While the prospect of ransom repulsed me, and I resolved never to ask for it (my greatest fear was that I would be tortured into pleading for it), I co-operated in the secret hope that it might be the key that opened the door.

I was a prisoner of my own moral cowardice. “Dear God,” I prayed, “Let this bitter cup pass me by. Let our freedom be restored with the least amount of suffering possible.” Days piled into weeks, and weeks piled into months.

On March 23, at about 7.30 in the morning, our tombstone was rolled way: not by angels garbed in heavenly robes, but by a unit of British Special Forces in full battle gear. There were the sounds of boots on concrete, the door being smashed open, gunfire, voices in English shouting, “Get down! Stay away from the door!” Then a roomful of commotion, soldiers telling us “You’re free, it’s okay, it’s over.” And hands, shaking with excitement, cutting us free with a bolt-cutter.

They led us past the smashed-glass threshold of our tomb and out. Out into blue! Beautiful all sky blue! Fresh flowing air and a palm tree and good morning sunlight! They led us through a smiling gauntlet of soldiers and, with a big step up and a big hatch down, we were entombed again.

This tomb was a bland desert-camouflage colour. It was squat, constructed of impregnable steel, moved on a rolling tread of metal plates. The passenger section was dark and cramped and crammed with carefully tooled metal shapes (each with an exact purpose) and little signs that told you things like what to do in the event of a rollover. A young soldier named Rob kept watch through a tiny slit of super-thick plate glass. Through it, you could see a small, distorted rectangle of the world outside.

The armoured personnel carrier in motion was excruciatingly loud. The roar and staccato-grind of it pounded in my bones. It brought us to a helicopter armed with a fixed, heavy-calibre machine gun, and the helicopter brought us to the Green Zone ó the sprawling, blast-wall lock-down that houses the offices of the fledgling Iraqi government and the occupying forces of Britain and the United States.
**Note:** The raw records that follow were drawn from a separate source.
lemma quot_smul:
  assumes x: "x \<in> carrier G"
  shows "smul (quot G H) c (coset G H x) = coset G H (smul G c x)"
proof -
  obtain h where h: "h \<in> H" "(SOME a. a \<in> coset G H x) = add G x h"
    using some_in_coset[OF x] .
  have "smul G c (add G x h) = add G (smul G c x) (smul G c h)"
    using smul_add x h(1) ideal_subset_carrier by blast
  then show ?thesis
    using coset_add_ideal[OF smul_closed[OF x] ideal_smul[OF h(1)]] by (simp add: quot_def h(2))
qed

lemma quot_add:
  assumes x: "x \<in> carrier G" and y: "y \<in> carrier G"
  shows "add (quot G H) (coset G H x) (coset G H y) = coset G H (add G x y)"
proof -
  obtain h1 h2 where h1: "h1 \<in> H" "(SOME a. a \<in> coset G H x) = add G x h1"
    and h2: "h2 \<in> H" "(SOME a. a \<in> coset G H y) = add G y h2"
    using some_in_coset x y by metis
  have h1G: "h1 \<in> carrier G" and h2G: "h2 \<in> carrier G"
    using h1 h2 ideal_subset_carrier by blast+
  have "add G (add G x h1) (add G y h2) = add G (add G (add G x y) h1) h2"
    using add_assoc add_commute add_closed x y h1G h2G by metis
  then show ?thesis
    using coset_add_ideal add_closed x y h1 h2 h1G by (simp add: quot_def)
qed

lemma quot_brk:
  assumes x: "x \<in> carrier G" and y: "y \<in> carrier G"
  shows "brk (quot G H) (coset G H x) (coset G H y) = coset G H (brk G x y)"
proof -
  obtain h1 h2 where h1: "h1 \<in> H" "(SOME a. a \<in> coset G H x) = add G x h1"
    and h2: "h2 \<in> H" "(SOME a. a \<in> coset G H y) = add G y h2"
    using some_in_coset x y by metis
  have h1G: "h1 \<in> carrier G" and h2G: "h2 \<in> carrier G"
    using h1 h2 ideal_subset_carrier by blast+
  have y': "add G y h2 \<in> carrier G" using add_closed y h2G by blast
  have "brk G (add G x h1) (add G y h2)
      = add G (add G (brk G x y) (brk G x h2)) (brk G h1 (add G y h2))"
    using brk_add_left[OF x h1G y'] brk_add_right[OF x y h2G] by simp
  then show ?thesis
    using coset_add_ideal add_closed brk_closed x y y' h1G h2G
      ideal_brk_left[OF x h2(1)] ideal_brk_right[OF y' h1(1)]
    by (simp add: quot_def h1 h2)
qed

lemma quot_epi: "leibniz_epi G (quot G H) (coset G H)"
  by unfold_locales
    (auto simp: leibniz_hom_def quot_smul quot_add quot_brk, auto simp: quot_def)

lemma quot_kernel: "{x \<in> carrier G. coset G H x = zero (quot G H)} \<subseteq> H"
proof
  fix x assume "x \<in> {x \<in> carrier G. coset G H x = zero (quot G H)}"
  then have "x \<in> coset G H (zero G)"
    using in_coset_self by (auto simp: quot_def)
  then show "x \<in> H"
    using zero_add ideal_subset_carrier unfolding coset_def by auto
qed

theorem lie_nilpotent_quot_iff:
  "H \<subseteq> lie_center G \<Longrightarrow> lie_nilpotent G \<longleftrightarrow> lie_nilpotent (quot G H)"
  using leibniz_epi.lie_nilpotent_iff[OF quot_epi] quot_kernel by blast

end

theorem mainTheorem1:
  fixes G :: "('k::field, 'v) leibniz_alg" and H :: "'v set"
  assumes "(2::'k) \<noteq> 0"
    and "leibniz_algebra G"
    and "two_sided_ideal G H"
    and "H \<subseteq> lie_center G"
  shows "(lie_nilpotent G \<longleftrightarrow> lie_nilpotent (quot G H))
    \<and> (\<forall>(Q::('k, 'w) leibniz_alg) f. leibniz_algebra Q \<and> lie_central_extension G Q f
          \<longrightarrow> (lie_nilpotent G \<longleftrightarrow> lie_nilpotent Q))"
proof (intro conjI allI impI)
  interpret leibniz_ideal G H
    using leibniz_algebra_leibniz[OF assms(2)] assms(3)
    by (simp add: leibniz_ideal_def leibniz_ideal_axioms_def)
  show "lie_nilpotent G \<longleftrightarrow> lie_nilpotent (quot G H)"
    using lie_nilpotent_quot_iff assms(4) .
next
  fix Q :: "('k, 'w) leibniz_alg" and f
  assume "leibniz_algebra Q \<and> lie_central_extension G Q f"
  then have "leibniz_epi G Q f" and "{x \<in> carrier G. f x = zero Q} \<subseteq> lie_center G"
    using leibniz_algebra_leibniz[OF assms(2)] leibniz_hom_zero[OF assms(2)]
    unfolding lie_central_extension_def leibniz_epi_def leibniz_epi_axioms_def by blast+
  then show "lie_nilpotent G \<longleftrightarrow> lie_nilpotent Q"
    by (rule leibniz_epi.lie_nilpotent_iff)
qed

end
Yes, we went from one tomb to another.

I am learning many things from my captivity, and have a universe of things to be grateful for. Among them is a new and deep appreciation for the women and men who wear the uniform of military service. I likely would not be writing this today if it were not for them. Thus, I am confronted with a great paradox. I, the Christian pacifist peacemaker, am alive, am free because of the very institutions I believe are contrary to Christian teaching.
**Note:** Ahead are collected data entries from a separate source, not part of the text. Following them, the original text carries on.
(* Back substitution: only the entry at the pivot p changes, and p occurs in no eliminated set. *)
lemma xor_solutions_back_substitute:
  assumes "finite P" "\<forall>e\<in>insert e0 E. D e \<subseteq> P" "p \<in> D e0" "t e0 < 2 ^ k"
    and S': "S' \<in> xor_solutions k P E (\<lambda>e. if p \<in> D e then symdiff (D e) (D e0) else D e)
                                  (\<lambda>e. if p \<in> D e then t e XOR t e0 else t e)"
  shows "S'(p := t e0 XOR xor_sum S' (D e0 - {p})) \<in> xor_solutions k P (insert e0 E) D t"
proof -
  define S where "S = S'(p := t e0 XOR xor_sum S' (D e0 - {p}))"
  define D' where "D' e = (if p \<in> D e then symdiff (D e) (D e0) else D e)" for e
  have fin_D: "finite (D e)" if "e \<in> insert e0 E" for e
    using assms(1,2) that finite_subset by blast
  have "xor_sum S' (D e0 - {p}) < 2 ^ k"
    using S' assms(2) by (intro xor_sum_less_power) (auto simp: xor_solutions_def)
  then have S_PiE: "S \<in> PiE P (\<lambda>_. {..<2 ^ k})"
    using S' assms(2-4)
    by (auto simp: S_def xor_solutions_def PiE_def Pi_def extensional_def intro: xor_less_power)
  have S_D': "xor_sum S (D' e) = (if p \<in> D e then t e XOR t e0 else t e)" if "e \<in> E" for e
  proof -
    have "p \<notin> D' e" using assms(3) by (auto simp: D'_def symdiff_def)
    then have "xor_sum S (D' e) = xor_sum S' (D' e)" by (intro xor_sum.cong) (auto simp: S_def)
    then show ?thesis using S' that by (simp add: xor_solutions_def D'_def)
  qed
  have S_e0: "xor_sum S (D e0) = t e0"
  proof -
    have "xor_sum S (D e0) = S p XOR xor_sum S (D e0 - {p})"
      using assms(3) fin_D by (subst xor_sum.remove) auto
    also have "xor_sum S (D e0 - {p}) = xor_sum S' (D e0 - {p})"
      by (intro xor_sum.cong) (auto simp: S_def)
    finally show ?thesis by (simp add: S_def)
  qed
  have "xor_sum S (D e) = t e" if "e \<in> E" for e
  proof (cases "p \<in> D e")
    case True
    then have "D e = symdiff (D' e) (D e0)" by (auto simp: D'_def symdiff_def)
    then have "xor_sum S (D e) = xor_sum S (symdiff (D' e) (D e0))" by (rule arg_cong)
    also have "\<dots> = xor_sum S (D' e) XOR xor_sum S (D e0)"
      using fin_D that by (intro xor_sum_symdiff) (auto simp: D'_def symdiff_def)
    finally show ?thesis using S_D'[OF that] S_e0 True by simp
  next
    case False
    then show ?thesis using S_D'[OF that] by (simp add: D'_def)
  qed
  then show ?thesis using S_PiE S_e0 by (simp add: S_def[symmetric] xor_solutions_def)
qed

lemma xor_solutions_nonempty:
  assumes "finite E" "finite P" "\<forall>e\<in>E. D e \<subseteq> P" "lin_indep_family E D" "\<forall>e\<in>E. t e < 2 ^ k"
  shows "xor_solutions k P E D t \<noteq> {}"
  using assms(1,3-5)
proof (induction E arbitrary: D t rule: finite_induct)
  case empty
  have "restrict (\<lambda>_. 0) P \<in> xor_solutions k P {} D t" by (simp add: xor_solutions_def)
  then show ?case by blast
next
  case (insert e0 E)
  obtain p where "odd (card {e \<in> {e0}. p \<in> D e})"
    using insert.prems(2) unfolding lin_indep_family_def by blast
  moreover have "{e \<in> {e0}. p \<in> D e} = (if p \<in> D e0 then {e0} else {})" by auto
  ultimately have p: "p \<in> D e0" by (simp split: if_splits)
  let ?D' = "\<lambda>e. if p \<in> D e then symdiff (D e) (D e0) else D e"
  let ?t' = "\<lambda>e. if p \<in> D e then t e XOR t e0 else t e"
  have "\<forall>e\<in>E. ?D' e \<subseteq> P" using insert.prems(1) by (auto simp: symdiff_def)
  moreover have "lin_indep_family E ?D'"
    using insert.prems(2) insert.hyps(2,1) p by (rule lin_indep_family_eliminate)
  moreover have "\<forall>e\<in>E. ?t' e < 2 ^ k" using insert.prems(3) by (simp add: xor_less_power)
  ultimately have "xor_solutions k P E ?D' ?t' \<noteq> {}" by (rule insert.IH)
  then obtain S' where S': "S' \<in> xor_solutions k P E ?D' ?t'" by blast
  have "t e0 < 2 ^ k" using insert.prems(3) by simp
  from xor_solutions_back_substitute[OF assms(2) insert.prems(1) p this S']
  show ?case by blast
qed

lemma card_xor_solutions_translate:
  assumes "\<forall>e\<in>E. D e \<subseteq> P" and "S0 \<in> xor_solutions k P E D t"
  shows "card (xor_solutions k P E D t) = card (xor_solutions k P E D (\<lambda>_. 0))"
proof -
  define shift where "shift S = (\<lambda>q. if q \<in> P then S q XOR S0 q else undefined)" for S
  have xor_sum_shift: "xor_sum (shift S) (D e) = xor_sum S (D e) XOR xor_sum S0 (D e)"
    if "e \<in> E" for S e
  proof -
    have "xor_sum (shift S) (D e) = xor_sum (\<lambda>q. S q XOR S0 q) (D e)"
      using assms(1) that by (intro xor_sum.cong) (auto simp: shift_def)
    then show ?thesis by (simp add: xor_sum.distrib)
  qed
  have shift_PiE: "shift S \<in> PiE P (\<lambda>_. {..<2 ^ k})" if "S \<in> PiE P (\<lambda>_. {..<2 ^ k})" for S
    using that assms(2)
    by (auto simp: shift_def xor_solutions_def PiE_def Pi_def extensional_def
        intro!: xor_less_power)
  have shift_shift: "shift (shift S) = S" if "S \<in> PiE P (\<lambda>_. {..<2 ^ k})" for S
    using that by (auto simp: shift_def PiE_def extensional_def fun_eq_iff)
  have "bij_betw shift (xor_solutions k P E D (\<lambda>_. 0)) (xor_solutions k P E D t)"
    by (rule bij_betw_byWitness[where f' = shift])
      (use assms(2) shift_PiE shift_shift xor_sum_shift in \<open>auto simp: xor_solutions_def\<close>)
  then show ?thesis by (simp add: bij_betw_same_card)
qed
Christ teaches us to love our enemies, do good to those who harm us, pray for those who persecute us. He calls us to accept suffering before we inflict injury. He calls us to pick up the cross and to lay down the sword.

We will most certainly fail in this call. I did. And I’ll fail again. This does not change Christ’s teaching that violence itself is the tomb, violence is the dead-end. Peace won through the barrel of a gun might be a victory but it is not peace. Our captors had guns and they ruled over us. Our rescuers had bigger guns and ruled over the captors. We were freed, but the rule of the gun stayed. The stone across the tomb of violence has not been rolled away.

I’m learning that there are many kinds of prisons and many kinds of tombs. Prisons of the mind, the heart, the body. Tombs of despair, fear, confusion. Tombs within tombs and prisons within prisons.

There are no easy answers. We must all find our way through a broken world, struggling with the paradox of call and failure. My captivity and rescue have helped me to catch a glimpse of how powerful the force of resurrection is. Christ, that tomb-busting suffering servant Son of God, seeks us wherever we are, reaches for us in whatever darkness we inhabit.

May we reach for each other with that same persistence. The tomb is not the final word.